Lina shifted uncomfortably beside me. “That sounds creepy.”
Father nodded. “It is. Old Bloods do not marry outside their kind. And even between their own clans, they rarely mix. Each family is its own world. They do not recruit. They do not adopt. They do not accept outsiders—unless they have no other choice.”
I frowned. “So if they avoid outsiders so much… why did they come here?”
“Because they need you,” he said. “If what you told me about that egg is correct, it’s a lost cause. Undeveloped, broken at the core—it’s an impossible mission. Trust me, many before you have tried, and every single one failed.”
The words settled heavily in my chest.
Father exhaled again, his fingers tapping lightly against the armrest.
“There are not only two Towers,” he said suddenly.
I blinked. “What?”
“You know of the Heavenly Tower and the Abyssal Tower. But in reality, there are six.”
I sat up straight. “Six?”
He nodded. “Six great Towers. Each one holding a different part of the world’s history. Each one with a purpose beyond human understanding.”
I opened my mouth to ask more—but then I stopped.
Because Father’s gaze had sharpened.
“And by what you’ve told me… their family is from the Abyssal Tower.”
Silence.
Mother sighed softly. “The Ghost Clan,” she murmured.

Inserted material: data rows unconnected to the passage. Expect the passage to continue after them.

(* Let $X$ be a finite $s$-regular graph with vertex set $X^0$ and let $\lambda_2$ be the second largest eigenvalue of its adjacency matrix. Let $0<\alpha$, let $S\subset X^0$ with $|S|\le\alpha|X^0|$, let $0<b\le s$, and let $$A=\{v\in S : |(\delta S)_v|\ge s-b\},$$ where $(\delta S)_v=\delta S\cap\delta v$. Put $\beta=\big((b-\lambda_2)-\alpha(s-\lambda_2)\big)b^{-1}$. Then $|A|\ge\beta|S|$.
   Context: For a vertex $v$, $\delta v$ is the set of edges incident to $v$. For $S\subset X^0$, $\delta S$ denotes the set of edges with one endpoint in $S$ and the other in $X^0\setminus S$. *)

theory Defs
  imports "Jordan_Normal_Form.Char_Poly" "HOL-Library.Multiset"
begin

definition simple_graph :: "nat \<Rightarrow> (nat \<Rightarrow> nat \<Rightarrow> bool) \<Rightarrow> bool" where
  "simple_graph n E \<longleftrightarrow> (\<forall>u v. E u v \<longrightarrow> u < n \<and> v < n) \<and>
                          (\<forall>u v. E u v \<longrightarrow> E v u) \<and> (\<forall>v. \<not> E v v)"

definition regular_graph :: "nat \<Rightarrow> (nat \<Rightarrow> nat \<Rightarrow> bool) \<Rightarrow> nat \<Rightarrow> bool" where
  "regular_graph n E s \<longleftrightarrow> simple_graph n E \<and> (\<forall>v<n. card {w. w < n \<and> E v w} = s)"

definition graph_edges :: "nat \<Rightarrow> (nat \<Rightarrow> nat \<Rightarrow> bool) \<Rightarrow> nat set set" where
  "graph_edges n E = {{u, w} | u w. u < n \<and> w < n \<and> E u w}"

definition delta_vertex :: "nat \<Rightarrow> (nat \<Rightarrow> nat \<Rightarrow> bool) \<Rightarrow> nat \<Rightarrow> nat set set" where
  "delta_vertex n E v = {e \<in> graph_edges n E. v \<in> e}"

definition delta_set :: "nat \<Rightarrow> (nat \<Rightarrow> nat \<Rightarrow> bool) \<Rightarrow> nat set \<Rightarrow> nat set set" where
  "delta_set n E S = {e \<in> graph_edges n E. \<exists>u w. e = {u, w} \<and> u \<in> S \<and> w \<in> {0..<n} - S}"

definition adj_matrix :: "nat \<Rightarrow> (nat \<Rightarrow> nat \<Rightarrow> bool) \<Rightarrow> real mat" where
  "adj_matrix n E = mat n n (\<lambda>(i, j). if E i j then 1 else 0)"

(* eigenvalues of the adjacency matrix (with multiplicity), in non-increasing order;
   they are the roots of the characteristic polynomial (all real, since the matrix is symmetric) *)
definition adj_eigenvalues_desc :: "nat \<Rightarrow> (nat \<Rightarrow> nat \<Rightarrow> bool) \<Rightarrow> real list" where
  "adj_eigenvalues_desc n E = rev (sorted_list_of_multiset (proots (char_poly (adj_matrix n E))))"

definition lambda2 :: "nat \<Rightarrow> (nat \<Rightarrow> nat \<Rightarrow> bool) \<Rightarrow> real" where
  "lambda2 n E = adj_eigenvalues_desc n E ! 1"

end

theory Submission
  imports Defs
begin

text \<open>Write \<open>d(v)\<close> for the number of neighbours of \<open>v \<in> S\<close> outside \<open>S\<close>, so that
  \<open>(\<Sum>v\<in>S. d(v)) = |\<delta>S|\<close>. Vertices outside \<open>A\<close> have \<open>d(v) < s - b\<close> and all have \<open>d(v) \<le> s\<close>,
  hence \<open>|\<delta>S| \<le> (s - b)|S| + b|A|\<close>. On the other hand the centred indicator \<open>y = 1\<^sub>S - |S|/n\<close>
  is orthogonal to the constant eigenvector, so \<open>y\<^sup>TAy \<le> \<lambda>\<^sub>2 |y|\<^sup>2\<close>; evaluating both sides gives
  \<open>|\<delta>S| \<ge> (s - \<lambda>\<^sub>2)|S|(1 - |S|/n) \<ge> (s - \<lambda>\<^sub>2)(1 - \<alpha>)|S|\<close>, and comparing the two bounds is the claim.

  Since \<open>\<lambda>\<^sub>2\<close> is defined through the roots of the characteristic polynomial, the Rayleigh
  bound rests on two facts: the supremum of a Rayleigh quotient of a symmetric matrix is
  a root of its characteristic polynomial, and subtracting \<open>(s - t)/n\<close> from every entry of \<open>A\<close>
  replaces the root \<open>s\<close> by \<open>t\<close> without changing the quadratic form on \<open>\<Sum> y = 0\<close>.\<close>

section \<open>Quadratic forms and Rayleigh quotients\<close>

definition bilin_form :: "nat \<Rightarrow> (nat \<Rightarrow> nat \<Rightarrow> real) \<Rightarrow> (nat \<Rightarrow> real) \<Rightarrow> (nat \<Rightarrow> real) \<Rightarrow> real" where
  "bilin_form n F u v = (\<Sum>i<n. \<Sum>j<n. u i * F i j * v j)"

abbreviation quad_form :: "nat \<Rightarrow> (nat \<Rightarrow> nat \<Rightarrow> real) \<Rightarrow> (nat \<Rightarrow> real) \<Rightarrow> real" where
  "quad_form n F y \<equiv> bilin_form n F y y"

definition sq_norm :: "nat \<Rightarrow> (nat \<Rightarrow> real) \<Rightarrow> real" where
  "sq_norm n y = (\<Sum>i<n. (y i)\<^sup>2)"

lemma sq_norm_nonneg: "0 \<le> sq_norm n y"
  unfolding sq_norm_def by (intro sum_nonneg) auto

lemma sq_norm_ge_component: "i < n \<Longrightarrow> (y i)\<^sup>2 \<le> sq_norm n y"
  unfolding sq_norm_def by (rule member_le_sum) auto

lemma abs_mult_le_sq_norm:
  assumes "i < n" "j < n"
  shows "\<bar>y i * y j\<bar> \<le> sq_norm n y"
proof -
  have "2 * \<bar>y i * y j\<bar> \<le> (y i)\<^sup>2 + (y j)\<^sup>2"
    using sum_squares_bound[of "\<bar>y i\<bar>" "\<bar>y j\<bar>"] by (simp add: abs_mult)
  with sq_norm_ge_component[of i n y] sq_norm_ge_component[of j n y] assms show ?thesis
    by linarith
qed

The name sent a shiver through my body.
“The Ghost Clan?” I echoed.
Father nodded. “One of the most dangerous clans of Old Bloods to ever exist, and one of the few that does not fear the Abyss. Actually, they don’t fear anything. They’re the odd ones.”
I stiffened.
“The Abyssal Tower is a nightmare for most,” he continued. “Its depths swallow people whole. The creatures that dwell there are beyond human comprehension. The deeper you go, the more reality itself begins to… warp.”
I shivered, remembering the things I had seen about the Mawling.

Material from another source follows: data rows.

(* Let $(T,f,\sqsubseteq_L)$ be a leaf-ordered merge tree. Then $\mathcal L(\mathcal T((T,f,\sqsubseteq_L)))=(T,f,\sqsubseteq_L)$.
   Context: A merge tree $(T,f)$: a finite rooted tree $T$ identified with its topological realisation, with a continuous $f\colon T\to\mathbb{R}\cup\{\infty\}$ strictly increasing towards the root, $f(v)=\infty$ iff $v$ is the root; lowest leaf at height $0$; $L(T)$ is the set of leaves. $T_x$ is the subtree of descendants of $x$; $\mathrm{lca}$ the lowest common ancestor; $\mathrm{anc}_h(x)$ the unique ancestor of $x$ at height $h\ge f(x)$; $\mathbb{L}_h=\{x:f(x)=h\}$. A layer-order is a family $(\le_h)_{h\ge0}$ of total orders on the $\mathbb{L}_h$ that is consistent ($h_1\le h_2$ and $x_1\le_{h_1}x_2$ imply $\mathrm{anc}_{h_2}(x_1)\le_{h_2}\mathrm{anc}_{h_2}(x_2)$); $(T,f,(\le_h))$ is an ordered merge tree. A leaf-order is a total order $\sqsubseteq_L$ on $L(T)$ such that $u_1\sqsubseteq_L u\sqsubseteq_L u_2$ implies $u\in T_{\mathrm{lca}(u_1,u_2)}$; $(T,f,\sqsubseteq_L)$ is a leaf-ordered merge tree. $\mathcal L((T,f,(\le_h)))=(T,f,\sqsubseteq_L)$ with $u_1\sqsubseteq_L u_2$ iff $\mathrm{anc}_h(u_1)\le_h\mathrm{anc}_h(u_2)$ for $h=\max(f(u_1),f(u_2))$. $\mathcal T((T,f,\sqsubseteq_L))=(T,f,(\le_h))$ with $x_1\le_h x_2$ (for $x_1,x_2\in\mathbb{L}_h$) iff $x_1=x_2$ or $u_1\sqsubseteq_L u_2$ for all leaves $u_1\in T_{x_1}$, $u_2\in T_{x_2}$. *)

theory Defs
  imports "HOL-Library.Extended_Real"
begin

text \<open>
  The topological realisation is parametrised by
  height: a point is a pair (v,h) with v a non-root vertex and
  fv v <= h < fv (parent v) (a point on the edge from v up to its parent,
  the vertex v itself being (v, fv v)), or the root point (r, infinity).
  The function f on the realisation is the second component.
\<close>

definition mt_leafv :: "'v set \<Rightarrow> 'v \<Rightarrow> ('v \<Rightarrow> 'v) \<Rightarrow> 'v set" where
  "mt_leafv V r parent = {v \<in> V - {r}. \<forall>w \<in> V - {r}. parent w \<noteq> v}"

“But for them,” Father said, “the Abyss is not a place of fear.” His gaze darkened. “It is their home, their battleground, their playground.”
A slow, creeping realization settled into my bones.

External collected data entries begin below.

lemma krgf_S_deriv:
  assumes S: "S \<in> {0..1}" and C: "C \<ge> 0"
  obtains d where "((\<lambda>s. krgf s C) has_real_derivative d) (at S within {0..1})"
    and "d \<le> 0" and "S = 1 \<Longrightarrow> d = 0"
proof -
  obtain dF where dF: "(F2 has_real_derivative dF) (at S)" "dF \<ge> 0"
    by (rule F2_deriv)
  let ?D = "1 + fmmob * C * F2 S" and ?dD = "fmmob * C * dF"
    and ?dkrg = "- krg0 * powr_deriv ng (1 - S)"
  have dD: "((\<lambda>s. 1 + fmmob * C * F2 s) has_real_derivative ?dD) (at S within {0..1})"
    by (rule DERIV_cong[OF DERIV_add[OF DERIV_const DERIV_cmult[OF
          has_field_derivative_at_within[OF dF(1)]]]]) simp
  have "((\<lambda>s. krgf s C) has_real_derivative (?dkrg * ?D - krg S * ?dD) / (?D * ?D))
      (at S within {0..1})"
    unfolding krgf_def using foam_factor_pos[OF C]
    by (intro DERIV_divide[OF krg_deriv[OF S] dD]) (simp add: less_imp_neq[symmetric])
  then show thesis
  proof (rule that)
    have "?dkrg * ?D \<le> 0"
      using krg0_pos ng_ge_2 S foam_factor_pos[OF C, of S]
      by (intro mult_nonpos_nonneg) (simp_all add: powr_deriv_nonneg)
    moreover have "krg S * ?dD \<ge> 0"
      using krg_nonneg fmmob_pos C dF(2) by simp
    ultimately show "(?dkrg * ?D - krg S * ?dD) / (?D * ?D) \<le> 0"
      by (intro divide_nonpos_nonneg) simp_all
  next
    assume "S = 1"
    then show "(?dkrg * ?D - krg S * ?dD) / (?D * ?D) = 0"
      using ng_ge_2 by (simp add: powr_deriv_zero krg_1)
  qed
qed

lemma fw_S_deriv:
  assumes S: "S \<in> {0..1}" and C: "C \<ge> 0"
  obtains d where "((\<lambda>s. fw (s, C)) has_real_derivative d) (at S within {0..1})"
    and "S \<in> {0, 1} \<Longrightarrow> d = 0" and "S \<in> {0<..<1} \<Longrightarrow> d > 0"
proof -
  obtain dv where dv: "((\<lambda>s. krgf s C) has_real_derivative dv) (at S within {0..1})"
      "dv \<le> 0" "S = 1 \<Longrightarrow> dv = 0"
    using krgf_S_deriv[OF S C] by blast
  let ?M = "muw / mug" and ?du = "krw0 * powr_deriv nw S"
  have "((\<lambda>s. fw (s, C)) has_real_derivative
      (?du * (?M * krgf S C) - krw S * (?M * dv)) / (krw S + ?M * krgf S C)\<^sup>2) (at S within {0..1})"
    unfolding fw_eq fst_conv snd_conv using total_mobility_pos[OF S C]
    by (intro has_real_derivative_ratio_sum[OF krw_deriv[OF S] DERIV_cmult[OF dv(1)]]) simp
  then show thesis
  proof (rule that)
    assume "S \<in> {0, 1}"
    then show "(?du * (?M * krgf S C) - krw S * (?M * dv)) / (krw S + ?M * krgf S C)\<^sup>2 = 0"
      using nw_ge_2 dv(3) by (auto simp: powr_deriv_zero krw_0 krgf_1)
  next
    assume S': "S \<in> {0<..<1}"
    have "?du * (?M * krgf S C) > 0"
      using S' C krw0_pos nw_ge_2
      by (intro mult_pos_pos powr_deriv_pos krgf_pos mobility_ratio_pos) simp_all
    moreover have "krw S * (?M * dv) \<le> 0"
      using mobility_ratio_pos dv(2)
      by (intro mult_nonneg_nonpos krw_nonneg mult_nonneg_nonpos) simp_all
    ultimately show "(?du * (?M * krgf S C) - krw S * (?M * dv)) / (krw S + ?M * krgf S C)\<^sup>2 > 0"
      using total_mobility_pos[OF S C] by simp
  qed
qed

lemma fw_C_deriv_pos:
  assumes S: "S \<in> {0<..<1}" and C: "C \<ge> 0"
  shows "\<exists>d>0. ((\<lambda>c. fw (S, c)) has_real_derivative d) (at C)"
proof -
  let ?M = "muw / mug" and ?D = "1 + fmmob * C * F2 S"
  let ?dv = "- (krg S * (fmmob * F2 S)) / (?D * ?D)"
  have dv: "((\<lambda>c. krgf S c) has_real_derivative ?dv) (at C)"
    unfolding krgf_def using foam_factor_pos[OF C, of S]
    by (auto intro!: derivative_eq_intros)
  have deriv: "((\<lambda>c. fw (S, c)) has_real_derivative
      (0 * (?M * krgf S C) - krw S * (?M * ?dv)) / (krw S + ?M * krgf S C)\<^sup>2) (at C)"
    unfolding fw_eq fst_conv snd_conv using total_mobility_pos[of S C] S C
    by (intro has_real_derivative_ratio_sum[OF DERIV_const DERIV_cmult[OF dv]]) simp
  have "?dv < 0"
    using S fmmob_pos F2_pos[of S] foam_factor_pos[OF C, of S] by (simp add: krg_pos)
  then have "krw S * (?M * ?dv) < 0"
    using S by (intro mult_pos_neg krw_pos mobility_ratio_pos) simp_all
  then have "(0 * (?M * krgf S C) - krw S * (?M * ?dv)) / (krw S + ?M * krgf S C)\<^sup>2 > 0"
    using S C total_mobility_pos[of S C] by (intro divide_pos_pos) simp_all
  with deriv show ?thesis by blast
qed

lemma fw_0: "fw (0, C) = 0"
  by (simp add: fw_eq krw_0)

lemma fw_1: "fw (1, C) = 1"
  using krw_pos[of 1] by (simp add: fw_eq krgf_1)

lemma fw_C2: "C2_on fw unit_square"
proof -
  have sq: "fst p \<in> {0..1}" "snd p \<in> {0..1}" if "p \<in> unit_square" for p
    using that by (auto simp: unit_square_def)
  have krw: "C2_on (\<lambda>p. krw (fst p)) unit_square"
    unfolding krw_def
    by (rule C2_on_mult[OF C2_on_const C2_on_powr[OF nw_ge_2 C2_on_fst]]) (use sq in auto)
  have krg: "C2_on (\<lambda>p. krg (fst p)) unit_square"
    unfolding krg_def
    by (rule C2_on_mult[OF C2_on_const C2_on_powr[OF ng_ge_2 C2_on_diff[OF C2_on_const C2_on_fst]]])
      (use sq in auto)
  have "C2_on (\<lambda>p. F2 (fst p)) unit_square"
    unfolding F2_def
    by (intro C2_on_add C2_on_mult C2_on_arctan C2_on_diff C2_on_const C2_on_fst)
  then have krgf: "C2_on (\<lambda>p. krgf (fst p) (snd p)) unit_square"
    unfolding krgf_def using foam_factor_pos sq
    by (intro C2_on_divide[OF krg] C2_on_add C2_on_mult C2_on_const C2_on_snd)
      (auto simp: less_imp_neq[symmetric])
  show ?thesis
    unfolding fw_eq using total_mobility_pos sq
    by (intro C2_on_divide[OF krw] C2_on_add[OF krw] C2_on_mult[OF C2_on_const krgf])
      (auto simp: less_imp_neq[symmetric])
qed

lemma fw_S_deriv_endpoints:
  assumes "S \<in> {0, 1}" "C \<ge> 0"
  shows "((\<lambda>s. fw (s, C)) has_real_derivative 0) (at S within {0..1})"
proof -
  have "S \<in> {0..1}" using assms(1) by auto
  then show ?thesis
    using fw_S_deriv[of S C] assms by metis
qed

lemma fw_S_deriv_pos:
  assumes "S \<in> {0<..<1}" "C \<ge> 0"
  shows "\<exists>d>0. ((\<lambda>s. fw (s, C)) has_real_derivative d) (at S)"
proof -
  have "at S within {0..1} = at S"
    using assms(1) by (intro at_within_interior) simp
  moreover have "S \<in> {0..1}" using assms(1) by auto
  ultimately show ?thesis
    using fw_S_deriv[of S C] assms by metis
qed

end

theorem mainTheorem7:
  fixes krw0 krg0 muw mug fmmob epdry nw ng Swc Sgr fmdry :: real
  assumes "krw0 > 0" "krg0 > 0" "muw > 0" "mug > 0" "fmmob > 0" "epdry > 0"
    and "nw \<ge> 2" "ng \<ge> 2"
    and "Swc \<ge> 0" "Sgr \<ge> 0" "Swc + Sgr < 1"
  defines "f \<equiv> frac_flow krw0 krg0 muw mug fmmob epdry nw ng Swc Sgr fmdry"
  shows "C2_on f unit_square
    \<and> (\<forall>C\<in>{0..1}. f (0, C) = 0 \<and> f (1, C) = 1)
    \<and> (\<forall>C\<in>{0..1}. ((\<lambda>S. f (S, C)) has_real_derivative 0) (at 0 within {0..1})
                 \<and> ((\<lambda>S. f (S, C)) has_real_derivative 0) (at 1 within {0..1}))
    \<and> (\<forall>S\<in>{0<..<1}. \<forall>C\<in>{0..1}.
          (\<exists>d>0. ((\<lambda>s. f (s, C)) has_real_derivative d) (at S))
        \<and> (\<exists>d>0. ((\<lambda>c. f (S, c)) has_real_derivative d) (at C within {0..1})))"
proof -
  interpret foam_model krw0 krg0 muw mug fmmob epdry nw ng Swc Sgr fmdry
    using assms by unfold_locales
  have C_increasing: "\<exists>d>0. ((\<lambda>c. fw (S, c)) has_real_derivative d) (at C within {0..1})"
    if "S \<in> {0<..<1}" "C \<in> {0..1}" for S C
    using fw_C_deriv_pos[of S C] that by (auto intro: has_field_derivative_at_within)
  show ?thesis
    unfolding f_def
    using fw_C2 fw_0 fw_1 fw_S_deriv_endpoints fw_S_deriv_pos C_increasing by simp
qed

end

“They… live in the Abyssal Tower?” I asked.
“They do more than live there,” he murmured. “They thrive. They hunt. They grow. From childhood, their people are raised in its depths. They do not merely survive it—they become part of it.”
“Rumors say they came from somewhere else,” Mother said quietly. “Before their home was… broken.”
The weight of that statement was suffocating.
From another place? Then to the Abyssal Tower?
I had heard about the Abyssal Tower from Ryzar before—about how the further one descended, the more twisted the world became. The heavier it felt, a pressure that would break many. How summoners had ventured too deep and never returned.
And yet—
This family treated it as their training ground.
“…Why would anyone do that?” I asked quietly.
Father’s eyes met mine.
“Because to them,” he said, “there is no greater glory.”
The words sent chills down my spine.
“The pressure the Abyssal Tower produces does not seem to affect them. They have a real advantage there,” he added softly.
I leaned back, trying to process everything.
The Old Bloods.
A people who carried the blood of ancient things.
A people who refused to mix with the rest of the world.
A people who saw the Abyssal Tower—one of the most terrifying places in existence—as nothing more than their personal battleground.
And now—
They had come to me.
For a moment, the room was silent.
Then—
Lina tugged on my sleeve.
“Akul.”
Her voice was small now. No more jokes. No more wild declarations. Just a quiet, honest worry.
I turned to her.
She was gripping her plushie so tightly her knuckles were pale.
“…Are you sure you should be doing this?”
I opened my mouth—
And stopped.
For the first time, I wasn’t sure how to answer.